The primary exception to our result is a 2007 paper by Frank Smets and Rafael Wouters, who ably perform an out-of-sample test against a series of baseline models. However, in the absence of other papers performing such tests, it is difficult to say how strong of a result it is. Even more laudable is the lengthy attempt in 2012 by Volker Wieland and his colleagues in comparing the performance of a number of macroeconomic models, although it is difficult to parse this study to answer the narrower question regarding the government spending multiplier. Another example is a 2016 paper by Jorda and Taylor, which creates a “counterfactual forecast,” which is similar to, but not quite, an out-of-sample test.
The other two examples we were able to identify were published in 1964 and 1967.

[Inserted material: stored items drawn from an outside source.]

lemma hessian_potential: "hessian potential x = transpose (matrix (covariance x))"
proof -
  have "(\<lambda>y. partial_deriv potential j y) = (\<lambda>y. moment_map y $ j)" for j
    by (metis grad_def grad_potential vec_lambda_beta)
  then show ?thesis
    by (simp add: hessian_def transpose_def matrix_def vec_eq_iff
        partial_deriv_component[OF has_derivative_moment_map])
qed

lemma inner_covariance:
  "h \<bullet> covariance x h = (\<Sum>I\<in>\<I>. prob x I * (of_nat_vec I \<bullet> h)^2) - (mean x \<bullet> h)^2"
  by (simp add: covariance_def inner_diff_right inner_sum_right power2_eq_square mult_ac inner_commute)

lemma covariance_pos_definite:
  assumes "h \<noteq> 0"
  shows "h \<bullet> covariance x h > 0"
proof -
  obtain k where k: "h $ k \<noteq> 0" using assms by (auto simp: vec_eq_iff)
  have "of_nat_vec (0::nat^'n) = 0" "of_nat_vec (axis k 1 :: nat^'n) = axis k 1"
    by (simp_all add: of_nat_vec_def axis_def vec_eq_iff)
  then have "of_nat_vec 0 \<bullet> h \<noteq> of_nat_vec (axis k 1) \<bullet> h"
    using k by (simp add: inner_commute inner_axis)
  then have "(\<Sum>I\<in>\<I>. prob x I * (of_nat_vec I \<bullet> h))^2
      < (\<Sum>I\<in>\<I>. prob x I) * (\<Sum>I\<in>\<I>. prob x I * (of_nat_vec I \<bullet> h)^2)"
    using weighted_variance_pos[where A=\<I> and w="prob x" and s="\<lambda>I. of_nat_vec I \<bullet> h",
          OF finite_exponents prob_pos zero_in_exponents axis_in_exponents]
    by simp
  then show ?thesis by (simp add: inner_covariance inner_mean sum_prob)
qed

lemma inj_moment_map: "inj moment_map"
  by (rule inj_if_has_derivative_pos_definite[OF has_derivative_moment_map covariance_pos_definite])

definition Newton_polytope :: "(real^'n) set" where
  "Newton_polytope = convex hull (of_nat_vec ` \<I>)"

definition moment_polytope :: "(real^'n) set" where
  "moment_polytope = (\<lambda>p. p - 1) ` Newton_polytope"

lemma mean_in_Newton_polytope: "mean x \<in> Newton_polytope"
  unfolding mean_def Newton_polytope_def
  using prob_pos sum_prob
  by (intro convex_sum finite_exponents convex_convex_hull) (auto intro: less_imp_le hull_inc)

lemma moment_map_in_moment_polytope: "moment_map x \<in> moment_polytope"
  using mean_in_Newton_polytope by (auto simp: moment_polytope_def moment_map_def)

lemma compact_moment_polytope: "compact moment_polytope"
  unfolding moment_polytope_def Newton_polytope_def
  using finite_exponents
  by (intro compact_translation_subtract compact_convex_hull finite_imp_compact) simp

lemma convex_moment_polytope: "convex moment_polytope"
  unfolding moment_polytope_def Newton_polytope_def by (simp add: convex_translation_subtract)

text \<open>If q lies well inside the Newton polytope, some exponent I has a larger pairing with x than
  q + \<epsilon> x / |x|, and the term of I alone dominates in Z.\<close>
lemma ln_Z_coercive:
  assumes "\<epsilon> > 0" and "cball q \<epsilon> \<subseteq> Newton_polytope"
  shows "ln (Min (a ` \<I>)) + \<epsilon> * norm x \<le> ln (Z x) - q \<bullet> x"
proof -
  define p where "p = q + (\<epsilon> / norm x) *\<^sub>R x"
  have "dist q p \<le> \<epsilon>"
    using assms(1) by (cases "x = 0") (auto simp: p_def dist_norm)
  then have "p \<in> Newton_polytope" using assms(2) by auto
  then obtain I where I: "I \<in> \<I>" "p \<bullet> x \<le> of_nat_vec I \<bullet> x"
    using convex_hull_inner_le[of p "of_nat_vec ` \<I>" x] by (auto simp: Newton_polytope_def)
  have "p \<bullet> x = q \<bullet> x + \<epsilon> * norm x"
    by (cases "x = 0") (auto simp: p_def inner_add_left power2_norm_eq_inner[symmetric] power2_eq_square)
  moreover have "Min (a ` \<I>) * exp (of_nat_vec I \<bullet> x) \<le> Z x"
  proof -
    have "Min (a ` \<I>) \<le> a I" using I(1) finite_exponents by simp
    then have "Min (a ` \<I>) * exp (of_nat_vec I \<bullet> x) \<le> weight x I"
      by (simp add: weight_def)
    also have "\<dots> \<le> Z x"
      unfolding Z_def using I(1) finite_exponents weight_pos
      by (intro member_le_sum) (auto intro: less_imp_le)
    finally show ?thesis .
  qed
  moreover have "Min (a ` \<I>) > 0"
    using finite_exponents zero_in_exponents coeff_pos by (subst Min_gr_iff) auto
  ultimately show ?thesis
    using I(2) Z_pos[of x] by (simp add: ln_mult ln_le_cancel_iff[symmetric] del: ln_le_cancel_iff)
qed

lemma mean_surj_interior:
  assumes "q \<in> interior Newton_polytope"
  shows "\<exists>x. mean x = q"
proof -
  obtain \<epsilon> where "\<epsilon> > 0" "cball q \<epsilon> \<subseteq> Newton_polytope"
    using assms by (auto simp: mem_interior_cball)
  define \<psi> where "\<psi> x = ln (Z x) - q \<bullet> x" for x
  have der: "(\<psi> has_derivative (\<lambda>h. (mean x - q) \<bullet> h)) (at x)" for x
    unfolding \<psi>_def inner_diff_left
    by (intro has_derivative_diff has_derivative_ln_Z bounded_linear_imp_has_derivative
        bounded_linear_inner_right)
  then have "continuous_on UNIV \<psi>"
    by (blast intro: continuous_at_imp_continuous_on has_derivative_continuous)
  moreover have "ln (Min (a ` \<I>)) + \<epsilon> * norm x \<le> \<psi> x" for x
    unfolding \<psi>_def by (rule ln_Z_coercive) fact+
  ultimately obtain x0 where "\<And>y. \<psi> x0 \<le> \<psi> y"
    using coercive_attains_min[OF _ \<open>\<epsilon> > 0\<close>] by blast
  then have "(\<lambda>h. (mean x0 - q) \<bullet> h) = (\<lambda>h. 0)"
    by (intro has_derivative_local_min[OF der] always_eventually) simp
  then have "(mean x0 - q) \<bullet> (mean x0 - q) = 0" by metis
  then show ?thesis by auto
qed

There are clearly additional criteria that economists can and should use for evaluating theories. Nonetheless, the paucity of examples of these tests points to p-hacking, specification searches, and the whole slew of problems associated with the replication crisis of social science. And perhaps macroeconomics is “hard” and things like recessions cannot be reasonably forecasted. Fine. Meteorologists cannot forecast more than a week or so ahead, but they still forecast what they can forecast. What models work the best is still an extremely pertinent question, even if all models fail miserably when a recession hits.
Rather, doing away with out-of-sample tests and other similar tests does away with the scientific ideal of Conjectures and Refutations, with scientific knowledge evolving as bold ideas starkly stated compete for the title of least wrong.
Bob Gelfond is the CEO of MQS Management LLC and the chairman and founder of MagiQ Technologies. Ryan Murphy is a research assistant professor at the O’Neil Center for Global Markets and Freedom at SMU Cox School of Business.